A Arena Green, montada nas proximidades do Nilton Santos, receberá as cerimônias de abertura, com o ritual de Acendimento do Fogo Sagrado, e as competições e demonstrações esportivas tradicionais. Os esportes aquáticos vão acontecer no ribeirão Taquaruçu-Grande, que corta a capital tocantinense. As delegações serão compostas por, no máximo, 50 participantes, sendo 48 atletas e dois expositores da Feira de Arte e Artesanato Indígenas.
De acordo com o Comitê Intertribal, os critérios para seleção dos participantes são etnia, crenças e conservação dos costumes – os mesmos adotados nas 12 edições nacionais. No caso das etnias brasileiras, também foi pré-requisito a participação em alguma edição dos Jogos Nacionais, que acontecem desde 1996. Bom comportamento e cumprimento das regras nas edições passadas também contaram como pontuação para conquistar uma vaga nos Jogos Mundiais dos Povos Indígenas. Houve também a tentativa de contemplar povos oriundos dos diversos biomas brasileiros.
Tradição
Outra particularidade dos Jogos Mundiais dos Povos Indígenas é sua dimensão cultural e social. O Festival de Cultura começa na próxima terça (20), precedendo a abertura oficial do evento. A Feira de Arte e Artesanato Indígenas, a Feira de Agricultura Tradicional Indígena e o Fórum Social serão realizadas simultaneamente às provas esportivas. Também estão previstos cursos, rodas de diálogo, debates, fóruns e painéis sobre cultura, agricultura familiar indígena, meio ambiente, educação e direitos das mulheres indígenas.
“O objetivo é de festa, de celebração, mas também de reflexão. As questões indigenistas também vão passar por discussão”, disse Hector Franco. “Os Jogos Mundiais dos Povos Indígenas têm que ter um lado político. Não podemos ter um encontro dos povos desta dimensão sem tocar neste ponto”, afirma Marcos Terena.
Críticas
Para dois dos sete povos tocantinenses, o tratamento insuficiente dispensado a essas questões justifica a retirada do povo Krahô dos Jogos, apoiada e seguida pelos caciques e lideranças Apinajé. Em carta aberta, eles enxergam desrespeito da organização, com construção de instalações vulneráveis, e o uso indevido da imagem dos povos, “ocultando a verdadeira realidade e o sofrimento dos povos indígenas do Brasil”. “Os idealizadores também não consultaram e nem convidaram ao menos os povos anfitriões do estado do Tocantins para participar da organização”, criticam.
Marcos Terena minimiza as críticas. “Eles têm todo o direito de querer ou não participar. Não queremos criar uma doutrina a partir do nosso pensamento. As diferenças de opinião fazem parte do movimento indígena. Nenhuma etnia representa a outra”.

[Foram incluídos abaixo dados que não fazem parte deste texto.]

lemma omega12_X3:
  assumes "p \<in> U"
  shows "\<omega> 1 p (X3 p) = 0 \<and> \<omega> 2 p (X3 p) = 0"
proof -
  have const: "\<forall>q\<in>U. \<omega> 3 q (Z q) = \<omega> 3 p (Z p)" if "Z \<in> {X1, X2, X3}" for Z
    using normalization_on_frame(1)[of _ 3] normalization_on_frame(2) assms that by auto
  have "d1 (\<omega> 3) p (X p) (X3 p) = - \<omega> 3 p (lie X X3 p)" if "X \<in> {X1, X2}" for X
    using that by (intro d1_omega_locally_const[of 3 p X X3] const assms) auto
  then have "d1 (\<omega> 3) p (X1 p) (X3 p) = 0" "d1 (\<omega> 3) p (X2 p) (X3 p) = 0"
    using linear_lie_frame(2,3)[OF assms omega_linear[of 3 p]] normalization_on_frame(1)[OF assms, of 3]
      assms by simp_all
  then show ?thesis
    using normalization_on_frame(4,5)[OF assms] normalization_on_frame(1)[OF assms]
    by (simp add: curv_structure_equations wedge_def del: One_nat_def)
qed

lemma omega_on_frame:
  assumes "p \<in> U" "k \<in> {1,2,3}"
  shows "\<omega> k p (X1 p) = (if k = 1 then 1 else 0) \<and> \<omega> k p (X2 p) = (if k = 2 then 1 else 0)
           \<and> \<omega> k p (X3 p) = (if k = 3 then 1 else 0)"
  using normalization_on_frame(1)[OF assms(1)] normalization_on_frame(2)[OF assms(1)]
    omega12_X3[OF assms(1)] assms(2) by auto

lemma omega_eq_theta:
  assumes "p \<in> U" "k \<in> {1,2,3}"
  shows "\<omega> k p v = \<theta> k p v"
proof -
  have "linear (\<omega> k p)" using omega_linear assms by auto
  then show ?thesis
    using linear_coframe_expansion[OF assms(1), of "\<omega> k p" v] omega_on_frame[OF assms] assms(2) by auto
qed

lemma d1_omega_frame:
  assumes "k \<in> {1,2,3}" "p \<in> U" "X \<in> {X1, X2, X3}" "Y \<in> {X1, X2, X3}"
  shows "d1 (\<omega> k) p (X p) (Y p) = - \<omega> k p (lie X Y p)"
proof -
  have const: "\<forall>q\<in>U. \<omega> k q (Z q) = \<omega> k p (Z p)" if "Z \<in> {X1, X2, X3}" for Z
    using omega_on_frame[OF _ assms(1)] assms(2) that by auto
  show ?thesis
    using assms by (intro d1_omega_locally_const[of k p X Y] const) auto
qed

lemma omega4_X1_X2:
  assumes "p \<in> U"
  shows "\<omega> 4 p (X1 p) = c112 p \<and> \<omega> 4 p (X2 p) = - c212 p"
proof -
  have "d1 (\<omega> k) p (X1 p) (X2 p) = - \<omega> k p (lie X1 X2 p)" if "k \<in> {1,2}" for k
    using d1_omega_frame[of k p X1 X2] that assms by auto
  then show ?thesis
    using normalization_on_frame(3)[OF assms, of 1] normalization_on_frame(3)[OF assms, of 2]
      linear_lie_frame(1)[OF assms omega_linear[of 1 p]] linear_lie_frame(1)[OF assms omega_linear[of 2 p]]
      omega_on_frame[OF assms, of 1] omega_on_frame[OF assms, of 2] assms
    by (simp add: curv_structure_equations wedge_def del: One_nat_def)
qed

lemma omega4_X3:
  assumes "p \<in> U" "c212 differentiable (at p)"
  shows "\<omega> 4 p (X3 p) = beta3 p"
proof -
  have "vder X1 (\<lambda>q. \<omega> 4 q (X2 q)) p = - vder X1 c212 p"
    using vder_transform_within_open[OF omega_frame_differentiable[of 4 p X2] U_open assms(1),
        of "\<lambda>q. - c212 q"] vder_minus[OF assms(2)] omega4_X1_X2 assms(1) by simp
  moreover have "vder X2 (\<lambda>q. \<omega> 4 q (X1 q)) p = vder X2 c112 p"
    using vder_transform_within_open[OF omega_frame_differentiable[of 4 p X1] U_open assms(1),
        of c112] omega4_X1_X2 assms(1) by simp
  ultimately have "d1 (\<omega> 4) p (X1 p) (X2 p)
      = - vder X1 c212 p - vder X2 c112 p - \<omega> 4 p (lie X1 X2 p)"
    using d1_omega_cartan[of 4 p X1 X2] assms(1) by simp
  then show ?thesis
    using normalization_on_frame(3)[OF assms(1), of 4] linear_lie_frame(1)[OF assms(1) omega_linear[of 4 p]]
      omega4_X1_X2[OF assms(1)] assms(1)
    by (simp add: curv_structure_equations beta3_def power2_eq_square del: One_nat_def)
qed

lemma curv_on_frame:
  assumes "p \<in> U"
  shows "curv \<omega> 1 p (X1 p) (X3 p) = - c p"
    and "curv \<omega> 1 p (X2 p) (X3 p) = - c123 p - \<omega> 4 p (X3 p)"
    and "curv \<omega> 2 p (X1 p) (X3 p) = - c213 p - \<omega> 4 p (X3 p)"
    and "curv \<omega> 2 p (X2 p) (X3 p) = c p"
proof -
  have "d1 (\<omega> k) p (X p) (X3 p) = - \<omega> k p (lie X X3 p)" if "k \<in> {1,2}" "X \<in> {X1, X2}" for k X
    using d1_omega_frame[of k p X X3] that assms by auto
  then show "curv \<omega> 1 p (X1 p) (X3 p) = - c p"
    and "curv \<omega> 1 p (X2 p) (X3 p) = - c123 p - \<omega> 4 p (X3 p)"
    and "curv \<omega> 2 p (X1 p) (X3 p) = - c213 p - \<omega> 4 p (X3 p)"
    and "curv \<omega> 2 p (X2 p) (X3 p) = c p"
    using linear_lie_frame(2,3)[OF assms omega_linear[of 1 p]] linear_lie_frame(2,3)[OF assms omega_linear[of 2 p]]
      omega_on_frame[OF assms, of 1] omega_on_frame[OF assms, of 2] omega4_X1_X2[OF assms] omega12_X3[OF assms]
      assms
    by (simp_all add: curv_structure_equations wedge_def del: One_nat_def)
qed

lemma omega4_in_coframe:
  assumes "p \<in> U" "c212 differentiable (at p)"
  shows "\<omega> 4 p v = c112 p * \<theta> 1 p v - c212 p * \<theta> 2 p v + beta3 p * \<theta> 3 p v"
  using linear_coframe_expansion[OF assms(1) omega_linear[of 4 p], of v] omega4_X1_X2[OF assms(1)]
    omega4_X3[OF assms] assms(1)
  by simp

lemma curv_coframe_expansion:
  assumes "p \<in> U" "k \<in> {1,2,3}"
  shows "curv \<omega> k p u v = wedge (\<theta> 1) (\<theta> 3) p u v * curv \<omega> k p (X1 p) (X3 p)
                         + wedge (\<theta> 2) (\<theta> 3) p u v * curv \<omega> k p (X2 p) (X3 p)"
proof -
  have k: "k \<in> {1..4}" using assms(2) by auto
  show ?thesis
    using bilinear_coframe_expansion[OF assms(1) bilinear_curv[OF k assms(1)] curv_self, of u v]
      normalization_on_frame(3)[OF assms(1) k]
    by simp
qed

lemma curv_in_coframe:
  assumes "p \<in> U" "c212 differentiable (at p)"
  shows "curv \<omega> 1 p u v = - c p * wedge (\<theta> 1) (\<theta> 3) p u v
                          - (c123 p + beta3 p) * wedge (\<theta> 2) (\<theta> 3) p u v"
    and "curv \<omega> 2 p u v = - (c213 p + beta3 p) * wedge (\<theta> 1) (\<theta> 3) p u v
                          + c p * wedge (\<theta> 2) (\<theta> 3) p u v"
    and "curv \<omega> 3 p u v = 0"
  using curv_coframe_expansion[OF assms(1), of 1 u v] curv_coframe_expansion[OF assms(1), of 2 u v]
    curv_coframe_expansion[OF assms(1), of 3 u v] curv_on_frame[OF assms(1)]
    normalization_on_frame(4,5)[OF assms(1)] omega4_X3[OF assms]
  by (simp_all add: algebra_simps del: One_nat_def)

end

Palmas derrotou as cidades paraenses de Belém e Marabá na disputa pela sede da primeira edição dos Jogos Mundiais. O projeto inicial, reduzido por conta dos custos, previa originalmente a construção de um museu do índio, campo de beisebol e uma raia olímpica. Foram mantidos a aldeia para alojamento das etnias brasileiras (Okara), refeitório, a Oca Digital, a Oca da Sabedoria e a arena principal. A primeira edição dos Jogos Mundiais Indígenas foi aprovada em 2013, durante os jogos de Cuiabá.